In Italia, il potenziale aumento del vigneto sarebbe di circa 6.000 ettari annui (attualmente sono vitati circa 600.00 ettari). A ciò si aggiungono i diritti in portafoglio e quelli delle riserve, che ammontano a circa 50.000 ettari; se venissero convertiti e piantati tutti nel giro di due anni, allora entrerebbero anch’essi nel calcolo dell’1%, contribuendo ad aumentare leggermente gli ettari a disposizione.

Questa ragione è alla base della scelta del Ministero di sbloccare i diritti detenuti nelle riserve e dall’altra di revocare ove previsti i limiti alla commercializzazione extra regione, consentendo di sfruttare al massimo il meccanismo delle compravendite fino al 31 dicembre 2015.

Per l’Italia, a questo punto, si pongono alcuni scenari:
– quello peggiore, che vede un’ondata erosiva di ampia portata (negli ultimi dieci anni circa 7-8.000 ettari di vigneto l’anno non più rimpiazzabili dalla compravendita dei diritti), con richieste per nuove autorizzazioni che non arrivano a coprire il massimale dell’1% disponibile; in tal caso il saldo sarebbe zero o addirittura in passivo.
– quello migliore, a fronte sempre di estirpi fisiologici per 4-5.000 ettari, di avere richieste che coprono i 6-7.000 ettari disponibili, quindi con un saldo finale di crescita di 2.000 ettari circa.

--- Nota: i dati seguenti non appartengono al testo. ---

lemma card_pos_t_roots_C_tail:
  assumes pos: "\<forall>x\<in>set bs. 0 < x" and n: "n = sum_list bs" and len: "length bs = Suc r"
  shows "card (pos_t_roots n (rootsC n) (posC n) (block_simple_roots bs \<union> {lastC n})) = r\<^sup>2 + r"
proof -
  let ?Th = "block_simple_roots bs \<union> {lastC n}" and ?p = "n - 1"
  have fin: "finite ?Th"
    using block_simple_roots_finite by simp
  have p: "?p < n" "block_of bs ?p = r"
    using last_coordinate_in_last_block[OF pos len] n by simp_all
  have "card (pos_t_roots n (rootsC n) (posC n) ?Th) =
      card (t_coords n (block_indicator bs) r ` posC n - {\<lambda>a. 0})"
  proof (rule card_pos_t_roots_with_tail[OF pos n len])
    show "k < n \<and> block_of bs k = r" if "lastC n k \<noteq> 0" for k
      using that p by (simp add: lastC_def eps_apply split: if_splits)
    show "(\<Sum>k<n. lastC n k) \<noteq> 0"
      using p by (simp add: lastC_def sum_distrib_left[symmetric] sum_eps)
    show "?Th \<subseteq> rootsC n" "posC n \<subseteq> rootsC n"
      using block_simple_roots_subset_rootsBC(2) double_eps_in_rootsC positive_roots_subset(4) p n
      by (auto simp: lastC_def)
    show "\<alpha> \<in> int_span ?Th"
      if "\<alpha> \<in> posC n" "t_coords n (block_indicator bs) r \<alpha> = (\<lambda>a. 0)" for \<alpha>
      using int_span_base[OF fin, of "lastC n"]
      by (intro vanishing_posC_root_with_tail[OF that(1) n len that(2) fin Un_upper1 p]) (simp add: lastC_def)
  qed
  also have "\<dots> = r * (r - 1) + r + r"
    using t_coords_image_posC[OF pos n] len card_eps_families[of "{..<r}" "{..<r}"] by simp
  also have "\<dots> = r\<^sup>2 + r"
    by (cases r) (simp_all add: power2_eq_square)
  finally show ?thesis .
qed

lemma card_pos_t_roots_D_tail:
  assumes pos: "\<forall>x\<in>set bs. 0 < x" and n: "n = sum_list bs" and len: "length bs = Suc r"
    and last_block: "2 \<le> bs ! r"
  shows "card (pos_t_roots n (rootsD n) (posD n) (block_simple_roots bs \<union> {lastD n})) =
    r\<^sup>2 + card {x. x < r \<and> 2 \<le> bs ! x}"
proof -
  let ?Th = "block_simple_roots bs \<union> {lastD n}" and ?p = "n - 1" and ?q = "n - 2"
  have fin: "finite ?Th"
    using block_simple_roots_finite by simp
  have pq: "?p < n" "block_of bs ?p = r" "?q < n" "block_of bs ?q = r" "?q \<noteq> ?p"
    using block_of_last_block[OF len, of ?p] block_of_last_block[OF len, of ?q]
      last_block_start[OF len] last_block n by simp_all
  have diff: "(\<lambda>k. eps i k - eps p k) \<in> int_span ?Th"
    if "i < n" "r \<le> block_of bs i" "p < n" "block_of bs p = r" for i p
    using tail_diff_in_int_span[OF fin Un_upper1 len] that n by simp
  have last: "(\<lambda>k. eps ?q k + eps ?p k) \<in> int_span ?Th"
    using int_span_base[OF fin] by (simp add: lastD_def)
  have "card (pos_t_roots n (rootsD n) (posD n) ?Th) =
      card (t_coords n (block_indicator bs) r ` posD n - {\<lambda>a. 0})"
  proof (rule card_pos_t_roots_with_tail[OF pos n len])
    show "k < n \<and> block_of bs k = r" if "lastD n k \<noteq> 0" for k
      using that pq by (auto simp: lastD_def eps_apply split: if_splits)
    show "(\<Sum>k<n. lastD n k) \<noteq> 0"
      using pq by (simp add: lastD_def sum.distrib sum_eps)
    show "?Th \<subseteq> rootsD n"
      using block_simple_roots_subset_rootsD rootsD_sum[of ?q n ?p] pq n
      by (auto simp: lastD_def)
    show "posD n \<subseteq> rootsD n"
      by (rule positive_roots_subset)
    show "\<alpha> \<in> int_span ?Th"
      if \<alpha>: "\<alpha> \<in> posD n" and zero: "t_coords n (block_indicator bs) r \<alpha> = (\<lambda>a. 0)" for \<alpha>
    proof (rule vanishing_posD_root_in_int_span[OF \<alpha> n _ zero fin])
      show "(\<lambda>k. eps i k + eps j k) \<in> int_span ?Th"
        if "i < n" "j < n" "r \<le> block_of bs i" "r \<le> block_of bs j" for i j
        using int_span_add[OF int_span_add[OF diff[OF that(1,3) pq(3,4)] diff[OF that(2,4) pq(1,2)]] last]
        by simp
    qed (use len in auto)
  qed
  also have "\<dots> = r * (r - 1) + card {x. x < r \<and> 2 \<le> bs ! x} + r"
    using t_coords_image_posD[OF pos n] len card_eps_families[of _ "{..<r}"] by simp
  also have "\<dots> = r\<^sup>2 + card {x. x < r \<and> 2 \<le> bs ! x}"
    by (cases r) (simp_all add: power2_eq_square)
  finally show ?thesis .
qed

lemma padded_block_list:
  fixes ns tail :: "nat list"
  assumes "\<forall>x\<in>set ns. 1 < x" "\<forall>x\<in>set tail. 0 < x"
  shows "\<forall>x\<in>set (ns @ replicate m 1 @ tail). 0 < x"
    "card {x. x < length ns + m \<and> 2 \<le> (ns @ replicate m 1 @ tail) ! x} = length ns"
proof -
  show "\<forall>x\<in>set (ns @ replicate m 1 @ tail). 0 < x"
    using assms by auto
  have entry: "(ns @ replicate m 1 @ tail) ! x = (if x < length ns then ns ! x else 1)"
    if "x < length ns + m" for x
    using that by (auto simp: nth_append)
  have "{x. x < length ns + m \<and> 2 \<le> (ns @ replicate m 1 @ tail) ! x} = {..<length ns}"
  proof (intro set_eqI iffI)
    fix x assume "x \<in> {..<length ns}"
    then show "x \<in> {x. x < length ns + m \<and> 2 \<le> (ns @ replicate m 1 @ tail) ! x}"
      using entry[of x] assms(1) nth_mem[of x ns] by fastforce
  next
    fix x assume "x \<in> {x. x < length ns + m \<and> 2 \<le> (ns @ replicate m 1 @ tail) ! x}"
    then show "x \<in> {..<length ns}"
      using entry[of x] by (simp split: if_splits)
  qed
  then show "card {x. x < length ns + m \<and> 2 \<le> (ns @ replicate m 1 @ tail) ! x} = length ns"
    by simp
qed

lemma isotropy_summands_A:
  assumes n: "n = sum_list ns" and ns: "\<forall>x\<in>set ns. x \<ge> 1"
  shows "card (pos_t_roots n (rootsA n) (posA n) (block_simple_roots ns)) =
    length ns * (length ns - 1) div 2"
proof -
  have "\<forall>x\<in>set ns. 0 < x"
    using ns by auto
  then show ?thesis
    using card_pos_t_roots_A n by blast
qed

lemma isotropy_summands_without_tail:
  fixes ns :: "nat list"
  assumes ns: "\<forall>x\<in>set ns. 1 < x" and n: "sum_list ns + m = n"
  defines "bs \<equiv> ns @ replicate m 1"
  shows "card (pos_t_roots n (rootsB n) (posB n) (block_simple_roots bs)) = (length ns + m)\<^sup>2 + length ns"
    and "card (pos_t_roots n (rootsC n) (posC n) (block_simple_roots bs)) = (length ns + m)\<^sup>2"
    and "card (pos_t_roots n (rootsD n) (posD n) (block_simple_roots bs)) = (length ns + m)\<^sup>2 - m"
proof -
  have "\<forall>x\<in>set ([] :: nat list). 0 < x"
    by simp
  note padded = padded_block_list[OF ns this, of m, unfolded append_Nil2, folded bs_def]
  have pos: "\<forall>x\<in>set bs. 0 < x" and nontrivial: "card {x. x < length ns + m \<and> 2 \<le> bs ! x} = length ns"
    by (fact padded)+
  have sum: "n = sum_list bs" and len: "length bs = length ns + m"
    using n by (simp_all add: bs_def sum_list_replicate)
  show "card (pos_t_roots n (rootsB n) (posB n) (block_simple_roots bs)) = (length ns + m)\<^sup>2 + length ns"
    using card_pos_t_roots_B[OF pos sum] nontrivial len by simp
  show "card (pos_t_roots n (rootsC n) (posC n) (block_simple_roots bs)) = (length ns + m)\<^sup>2"
    using card_pos_t_roots_C[OF pos sum] len by simp
  show "card (pos_t_roots n (rootsD n) (posD n) (block_simple_roots bs)) = (length ns + m)\<^sup>2 - m"
    using card_pos_t_roots_D[OF pos sum] nontrivial len le_square[of "length ns + m"]
    by (simp add: power2_eq_square)
qed

lemma isotropy_summands_with_tail:
  fixes ns :: "nat list"
  assumes ns: "\<forall>x\<in>set ns. 1 < x" and n: "sum_list ns + t + m = n" and t: "2 \<le> t"
  defines "bs \<equiv> ns @ replicate m 1 @ [t]"
  shows "card (pos_t_roots n (rootsB n) (posB n) (block_simple_roots bs \<union> {lastB n})) =
      (length ns + m)\<^sup>2 + length ns"
    and "card (pos_t_roots n (rootsC n) (posC n) (block_simple_roots bs \<union> {lastC n})) =
      (length ns + m)\<^sup>2 + (length ns + m)"
    and "card (pos_t_roots n (rootsD n) (posD n) (block_simple_roots bs \<union> {lastD n})) =
      (length ns + m)\<^sup>2 + length ns"
proof -
  have "\<forall>x\<in>set [t]. 0 < x"
    using t by simp
  note padded = padded_block_list[OF ns this, of m, folded bs_def]
  have pos: "\<forall>x\<in>set bs. 0 < x" and nontrivial: "card {x. x < length ns + m \<and> 2 \<le> bs ! x} = length ns"
    by (fact padded)+
  have sum: "n = sum_list bs" and len: "length bs = Suc (length ns + m)"
    using n by (simp_all add: bs_def sum_list_replicate)
  have last: "2 \<le> bs ! (length ns + m)"
    using t by (simp add: bs_def nth_append)
  show "card (pos_t_roots n (rootsB n) (posB n) (block_simple_roots bs \<union> {lastB n})) =
      (length ns + m)\<^sup>2 + length ns"
    using card_pos_t_roots_B_tail[OF pos sum len] nontrivial by simp
  show "card (pos_t_roots n (rootsC n) (posC n) (block_simple_roots bs \<union> {lastC n})) =
      (length ns + m)\<^sup>2 + (length ns + m)"
    using card_pos_t_roots_C_tail[OF pos sum len] by simp
  show "card (pos_t_roots n (rootsD n) (posD n) (block_simple_roots bs \<union> {lastD n})) =
      (length ns + m)\<^sup>2 + length ns"
    using card_pos_t_roots_D_tail[OF pos sum len last] nontrivial by simp
qed

theorem theorem3p1:
  shows
   \<comment> \<open>(A) SU(n)/S(U(n_1) x ... x U(n_s))\<close>
   "(\<forall>ns n. n = sum_list ns \<and> (\<forall>x\<in>set ns. x \<ge> 1) \<longrightarrow>
       card (pos_t_roots n (rootsA n) (posA n) (block_simple_roots ns))
         = length ns * (length ns - 1) div 2)
   \<and> \<comment> \<open>(B i)\<close>
   (\<forall>ns m n. n \<ge> 2 \<and> sum_list ns + m = n \<and> (\<forall>x\<in>set ns. x > 1) \<longrightarrow>
       card (pos_t_roots n (rootsB n) (posB n) (block_simple_roots (ns @ replicate m 1)))
         = (length ns + m)^2 + length ns)
   \<and> \<comment> \<open>(B ii)\<close>
   (\<forall>ns m t n. t \<ge> 2 \<and> sum_list ns + t + m = n \<and> (\<forall>x\<in>set ns. x > 1) \<longrightarrow>
       card (pos_t_roots n (rootsB n) (posB n)
               (block_simple_roots (ns @ replicate m 1 @ [t]) \<union> {lastB n}))
         = (length ns + m)^2 + length ns)
   \<and> \<comment> \<open>(C i)\<close>
   (\<forall>ns m n. n \<ge> 3 \<and> sum_list ns + m = n \<and> (\<forall>x\<in>set ns. x > 1) \<longrightarrow>
       card (pos_t_roots n (rootsC n) (posC n) (block_simple_roots (ns @ replicate m 1)))
         = (length ns + m)^2)
   \<and> \<comment> \<open>(C ii)\<close>
   (\<forall>ns m t n. t \<ge> 3 \<and> sum_list ns + t + m = n \<and> (\<forall>x\<in>set ns. x > 1) \<longrightarrow>
       card (pos_t_roots n (rootsC n) (posC n)
               (block_simple_roots (ns @ replicate m 1 @ [t]) \<union> {lastC n}))
         = (length ns + m)^2 + (length ns + m))
   \<and> \<comment> \<open>(D i)\<close>
   (\<forall>ns m n. n \<ge> 4 \<and> sum_list ns + m = n \<and> (\<forall>x\<in>set ns. x > 1) \<longrightarrow>
       card (pos_t_roots n (rootsD n) (posD n) (block_simple_roots (ns @ replicate m 1)))
         = (length ns + m)^2 - m)
   \<and> \<comment> \<open>(D ii)\<close>
   (\<forall>ns m t n. t \<ge> 4 \<and> sum_list ns + t + m = n \<and> (\<forall>x\<in>set ns. x > 1) \<longrightarrow>
       card (pos_t_roots n (rootsD n) (posD n)
               (block_simple_roots (ns @ replicate m 1 @ [t]) \<union> {lastD n}))
         = (length ns + m)^2 + length ns)"
  apply (intro conjI allI impI; elim conjE)
  subgoal by (rule isotropy_summands_A)
  subgoal by (rule isotropy_summands_without_tail(1))
  subgoal by (rule isotropy_summands_with_tail(1)) simp_all
  subgoal by (rule isotropy_summands_without_tail(2))
  subgoal by (rule isotropy_summands_with_tail(2)) simp_all
  subgoal by (rule isotropy_summands_without_tail(3))
  subgoal by (rule isotropy_summands_with_tail(3)) simp_all
  done

end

A questo punto avranno  un ruolo centrale le Regioni perché, è facilmente intuibile che i 6.000 ettari potenziali finirebbero per essere suddivisi tra 21 Regioni e Province autonome che si troverebbero con richieste massicce, e altre invece con richieste inferiori al disponibile.
È evidente quindi la necessità di attivare dei meccanismi di compensazione o travaso per evitare  di allungare in maniera esponenziale i tempi di rilascio delle autorizzazioni.

Bisognerà superare alcune rigidità per aver autorizzazioni là dove servono e in tempi brevi;
bisognerà permettere l’immediato trasferimento di ettari da zone in crisi a zone in espansione, per evitare di penalizzare entrambe;
bisognerà garantire a regioni, zone, aziende che hanno la possibilità di crescere la certezza di avere le risorse per farlo in tempi e quantità sufficienti allo scopo prefisso.

Per alleggerire i probabili  effetti negativi di questo nuovo sistema, sulla superficie vitata futura l’Italia deve valutare con grande attenzione sia i criteri di selezione delle domande;
sia la scelta a di revocare i limiti alla commercializzazione extra regione, consentendo di sfruttare al massimo il meccanismo delle compravendite fino al 31 dicembre 2015.

I diritti di impianto sono stati una garanzia della viticoltura di qualità legata al territorio, che ha accompagnato l’espansione delle vendite di vino, con una crescita regolare del vigneto che ha contribuito a mantenere l’equilibrio tra offerta e domanda.

L’abolizione dei diritti d’impianto genererà conseguenze economiche e sociali gravi per il nostro Paese con rischi di eccedenze di produzione e di delocalizzazione in zone a più alta resa per ettaro.

Gestire gli impianti è di una importanza notevole per tutti i tipi di vino, sia Dop e Igp che quelli senza indicazione geografica; questa liberalizzazione produrrà effetti  più marcati sui vini senza indicazione, in particolare quelli varietali, ai quali non sarà possibile applicare strumenti aggiuntivi di regolamentazione, come invece avviene per i Dop e gli Igp grazie all’autoregolamentazione imposta nei singoli disciplinari.